lemma exp_last_row_log_ratio:
  fixes \<beta> L :: real and x y :: "nat \<times> 's \<Rightarrow> real" and \<pi> :: "'q \<Rightarrow> nat \<Rightarrow> 's"
  assumes adm: "admissible Q c \<pi> (Suc m) S" and "0 < L"
  defines "w \<equiv> \<lambda>q. c q * exp (\<beta> * path_energy \<pi> m q x)"
  shows "q \<in> Q \<Longrightarrow> 0 \<le> w q / sum w Q"
    and "(\<Sum>q\<in>Q. w q / sum w Q) = 1"
    and "exp (log_partition \<beta> Q (last_row_weights \<beta> c \<pi> m y) \<pi> m x - log_partition \<beta> Q c \<pi> m x - ln L)
        = (\<Sum>q\<in>Q. w q / sum w Q * (exp (\<beta> * y (Suc m, \<pi> q (Suc m))) / L))"
    and "exp (- (log_partition \<beta> Q (last_row_weights \<beta> c \<pi> m y) \<pi> m x - log_partition \<beta> Q c \<pi> m x - ln L))
        \<le> (\<Sum>q\<in>Q. w q / sum w Q * (L * exp (- \<beta> * y (Suc m, \<pi> q (Suc m)))))"
proof -
  from adm have Q: "finite Q" and c_nonneg: "\<And>q. q \<in> Q \<Longrightarrow> 0 \<le> c q"
    by (auto simp: admissible_def)
  define u where "u q = exp (\<beta> * y (Suc m, \<pi> q (Suc m)))" for q
  have w_nonneg: "q \<in> Q \<Longrightarrow> 0 \<le> w q" for q
    using c_nonneg by (simp add: w_def)
  have w_sum_pos: "0 < sum w Q"
  proof -
    obtain q0 where "q0 \<in> Q" "0 < c q0"
      using adm by (auto simp: admissible_def)
    then show ?thesis
      using sum_pos2[OF Q, of q0 w] w_nonneg by (simp add: w_def)
  qed
  show "q \<in> Q \<Longrightarrow> 0 \<le> w q / sum w Q"
    using w_nonneg w_sum_pos by simp
  show "(\<Sum>q\<in>Q. w q / sum w Q) = 1"
    using w_sum_pos by (simp flip: sum_divide_distrib)
  have ratio: "log_partition \<beta> Q (last_row_weights \<beta> c \<pi> m y) \<pi> m x - log_partition \<beta> Q c \<pi> m x - ln L
      = (ln (\<Sum>q\<in>Q. w q * u q) - ln (sum w Q)) - ln L"
    unfolding log_partition_def last_row_weights_def w_def u_def by (simp add: mult_ac)
  show "exp (log_partition \<beta> Q (last_row_weights \<beta> c \<pi> m y) \<pi> m x - log_partition \<beta> Q c \<pi> m x - ln L)
      = (\<Sum>q\<in>Q. w q / sum w Q * (exp (\<beta> * y (Suc m, \<pi> q (Suc m))) / L))"
    using exp_log_sum_ratio(1)[OF Q w_nonneg w_sum_pos, of u] \<open>0 < L\<close>
    by (simp add: ratio exp_diff u_def sum_divide_distrib)
  have "exp (- (ln (\<Sum>q\<in>Q. w q * u q) - ln (sum w Q) - ln L))
      = exp (- (ln (\<Sum>q\<in>Q. w q * u q) - ln (sum w Q)) + ln L)"
    by simp
  also have "\<dots> = exp (- (ln (\<Sum>q\<in>Q. w q * u q) - ln (sum w Q))) * L"
    using \<open>0 < L\<close> by (simp only: exp_add exp_ln)
  also have "\<dots> \<le> (\<Sum>q\<in>Q. w q / sum w Q * inverse (u q)) * L"
    using exp_log_sum_ratio(2)[OF Q w_nonneg w_sum_pos, of u] \<open>0 < L\<close>
    by (intro mult_right_mono) (auto simp: u_def)
  also have "\<dots> = (\<Sum>q\<in>Q. w q / sum w Q * (L * exp (- \<beta> * y (Suc m, \<pi> q (Suc m)))))"
    by (simp add: u_def sum_distrib_left exp_minus mult_ac)
  finally show "exp (- (log_partition \<beta> Q (last_row_weights \<beta> c \<pi> m y) \<pi> m x - log_partition \<beta> Q c \<pi> m x - ln L))
      \<le> (\<Sum>q\<in>Q. w q / sum w Q * (L * exp (- \<beta> * y (Suc m, \<pi> q (Suc m)))))"
    unfolding ratio .
qed

lemma rows_Suc_Un: "{Suc m} \<times> S \<union> {1..m} \<times> S = {1..Suc m} \<times> S"
  by auto

lemma rows_Suc_Int: "{Suc m} \<times> S \<inter> {1..m} \<times> S = {}"
  by auto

#### Task directions:
Could you copy out all of the records above exactly?

#### Completed exercise:
lemma exp_last_row_log_ratio:
  fixes \<beta> L :: real and x y :: "nat \<times> 's \<Rightarrow> real" and \<pi> :: "'q \<Rightarrow> nat \<Rightarrow> 's"
  assumes adm: "admissible Q c \<pi> (Suc m) S" and "0 < L"
  defines "w \<equiv> \<lambda>q. c q * exp (\<beta> * path_energy \<pi> m q x)"
  shows "q \<in> Q \<Longrightarrow> 0 \<le> w q / sum w Q"
    and "(\<Sum>q\<in>Q. w q / sum w Q) = 1"
    and "exp (log_partition \<beta> Q (last_row_weights \<beta> c \<pi> m y) \<pi> m x - log_partition \<beta> Q c \<pi> m x - ln L)
        = (\<Sum>q\<in>Q. w q / sum w Q * (exp (\<beta> * y (Suc m, \<pi> q (Suc m))) / L))"
    and "exp (- (log_partition \<beta> Q (last_row_weights \<beta> c \<pi> m y) \<pi> m x - log_partition \<beta> Q c \<pi> m x - ln L))
        \<le> (\<Sum>q\<in>Q. w q / sum w Q * (L * exp (- \<beta> * y (Suc m, \<pi> q (Suc m)))))"
proof -
  from adm have Q: "finite Q" and c_nonneg: "\<And>q. q \<in> Q \<Longrightarrow> 0 \<le> c q"
    by (auto simp: admissible_def)
  define u where "u q = exp (\<beta> * y (Suc m, \<pi> q (Suc m)))" for q
  have w_nonneg: "q \<in> Q \<Longrightarrow> 0 \<le> w q" for q
    using c_nonneg by (simp add: w_def)
  have w_sum_pos: "0 < sum w Q"
  proof -
    obtain q0 where "q0 \<in> Q" "0 < c q0"
      using adm by (auto simp: admissible_def)
    then show ?thesis
      using sum_pos2[OF Q, of q0 w] w_nonneg by (simp add: w_def)
  qed
  show "q \<in> Q \<Longrightarrow> 0 \<le> w q / sum w Q"
    using w_nonneg w_sum_pos by simp
  show "(\<Sum>q\<in>Q. w q / sum w Q) = 1"
    using w_sum_pos by (simp flip: sum_divide_distrib)
  have ratio: "log_partition \<beta> Q (last_row_weights \<beta> c \<pi> m y) \<pi> m x - log_partition \<beta> Q c \<pi> m x - ln L
      = (ln (\<Sum>q\<in>Q. w q * u q) - ln (sum w Q)) - ln L"
    unfolding log_partition_def last_row_weights_def w_def u_def by (simp add: mult_ac)
  show "exp (log_partition \<beta> Q (last_row_weights \<beta> c \<pi> m y) \<pi> m x - log_partition \<beta> Q c \<pi> m x - ln L)
      = (\<Sum>q\<in>Q. w q / sum w Q * (exp (\<beta> * y (Suc m, \<pi> q (Suc m))) / L))"
    using exp_log_sum_ratio(1)[OF Q w_nonneg w_sum_pos, of u] \<open>0 < L\<close>
    by (simp add: ratio exp_diff u_def sum_divide_distrib)
  have "exp (- (ln (\<Sum>q\<in>Q. w q * u q) - ln (sum w Q) - ln L))
      = exp (- (ln (\<Sum>q\<in>Q. w q * u q) - ln (sum w Q)) + ln L)"
    by simp
  also have "\<dots> = exp (- (ln (\<Sum>q\<in>Q. w q * u q) - ln (sum w Q))) * L"
    using \<open>0 < L\<close> by (simp only: exp_add exp_ln)
  also have "\<dots> \<le> (\<Sum>q\<in>Q. w q / sum w Q * inverse (u q)) * L"
    using exp_log_sum_ratio(2)[OF Q w_nonneg w_sum_pos, of u] \<open>0 < L\<close>
    by (intro mult_right_mono) (auto simp: u_def)
  also have "\<dots> = (\<Sum>q\<in>Q. w q / sum w Q * (L * exp (- \<beta> * y (Suc m, \<pi> q (Suc m)))))"
    by (simp add: u_def sum_distrib_left exp_minus mult_ac)
  finally show "exp (- (log_partition \<beta> Q (last_row_weights \<beta> c \<pi> m y) \<pi> m x - log_partition \<beta> Q c \<pi> m x - ln L))
      \<le> (\<Sum>q\<in>Q. w q / sum w Q * (L * exp (- \<beta> * y (Suc m, \<pi> q (Suc m)))))"
    unfolding ratio .
qed

lemma rows_Suc_Un: "{Suc m} \<times> S \<union> {1..m} \<times> S = {1..Suc m} \<times> S"
  by auto

lemma rows_Suc_Int: "{Suc m} \<times> S \<inter> {1..m} \<times> S = {}"
  by auto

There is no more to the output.